#### [Instructions for the task]
Start the output with the opening line of the listing below and continue, reproducing each line exactly, up to and including the line that contains "then show False".

***** Dataset records *****

text \<open>A cluster reaching distance \<open>n\<close> from a site in the box of radius \<open>4 n\<close> contains a
  self-avoiding king walk of length \<open>n\<close> from that site.\<close>

lemma small_clusters_if_no_long_walk:
  assumes \<omega>: "\<omega> \<in> space M" and K: "\<forall>n\<ge>K. \<omega> \<notin> long_walk_event n"
  shows "box_clusters.small_clusters (B \<omega>) K"
  unfolding box_clusters.small_clusters_def
proof (intro allI impI ballI)
  fix n v w
  assume n: "K \<le> n" and v: "v \<in> B \<omega>" "norm_inf v \<le> 4 * int n"
    and w: "w \<in> box_clusters.cluster (B \<omega>) v"
  show "dist_inf w v < int n"
  proof (rule ccontr)
    assume far: "\<not> dist_inf w v < int n"
    have "(adj_in box_adj (B \<omega>))\<^sup>*\<^sup>* v w"
      using w unfolding box_clusters.cluster_def comp_of_iff .
    then obtain xs where xs: "hd xs = v" "last xs = w" "xs \<noteq> []" "distinct xs"
      "successively box_adj xs" "set xs \<subseteq> B \<omega>"
      using rtranclp_adj_in_distinct_walk v(1) by blast
    have "int n \<le> int (length xs) - 1"
      using dist_inf_walk_ends[OF xs(5,3)] xs(1,2) far by simp
    then have "Suc n \<le> length xs"
      by linarith
    moreover have "successively box_adj (take (Suc n) xs)"
      using xs(5) successively_append_iff[of box_adj "take (Suc n) xs" "drop (Suc n) xs"] by simp
    ultimately have "take (Suc n) xs \<in> king_walks v n"
      using xs(1,3) by (intro king_walksI) auto
    then have "take (Suc n) xs \<in> self_avoiding_walks v n"
      using xs(4) unfolding self_avoiding_walks_def by simp
    moreover have "set (take (Suc n) xs) \<subseteq> B \<omega>"
      using set_take_subset xs(6) by (rule order_trans)
    then have "\<omega> \<in> walk_event (take (Suc n) xs)"
      unfolding walk_event_def using \<omega> by simp
    ultimately have "\<omega> \<in> long_walk_event n"
      unfolding long_walk_event_def using v(2) by blast
    then show False
      using K n by blast
  qed
qed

*****

#### [Response for this exercise]
text \<open>A cluster reaching distance \<open>n\<close> from a site in the box of radius \<open>4 n\<close> contains a
  self-avoiding king walk of length \<open>n\<close> from that site.\<close>

lemma small_clusters_if_no_long_walk:
  assumes \<omega>: "\<omega> \<in> space M" and K: "\<forall>n\<ge>K. \<omega> \<notin> long_walk_event n"
  shows "box_clusters.small_clusters (B \<omega>) K"
  unfolding box_clusters.small_clusters_def
proof (intro allI impI ballI)
  fix n v w
  assume n: "K \<le> n" and v: "v \<in> B \<omega>" "norm_inf v \<le> 4 * int n"
    and w: "w \<in> box_clusters.cluster (B \<omega>) v"
  show "dist_inf w v < int n"
  proof (rule ccontr)
    assume far: "\<not> dist_inf w v < int n"
    have "(adj_in box_adj (B \<omega>))\<^sup>*\<^sup>* v w"
      using w unfolding box_clusters.cluster_def comp_of_iff .
    then obtain xs where xs: "hd xs = v" "last xs = w" "xs \<noteq> []" "distinct xs"
      "successively box_adj xs" "set xs \<subseteq> B \<omega>"
      using rtranclp_adj_in_distinct_walk v(1) by blast
    have "int n \<le> int (length xs) - 1"
      using dist_inf_walk_ends[OF xs(5,3)] xs(1,2) far by simp
    then have "Suc n \<le> length xs"
      by linarith
    moreover have "successively box_adj (take (Suc n) xs)"
      using xs(5) successively_append_iff[of box_adj "take (Suc n) xs" "drop (Suc n) xs"] by simp
    ultimately have "take (Suc n) xs \<in> king_walks v n"
      using xs(1,3) by (intro king_walksI) auto
    then have "take (Suc n) xs \<in> self_avoiding_walks v n"
      using xs(4) unfolding self_avoiding_walks_def by simp
    moreover have "set (take (Suc n) xs) \<subseteq> B \<omega>"
      using set_take_subset xs(6) by (rule order_trans)
    then have "\<omega> \<in> walk_event (take (Suc n) xs)"
      unfolding walk_event_def using \<omega> by simp
    ultimately have "\<omega> \<in> long_walk_event n"
      unfolding long_walk_event_def using v(2) by blast
    then show False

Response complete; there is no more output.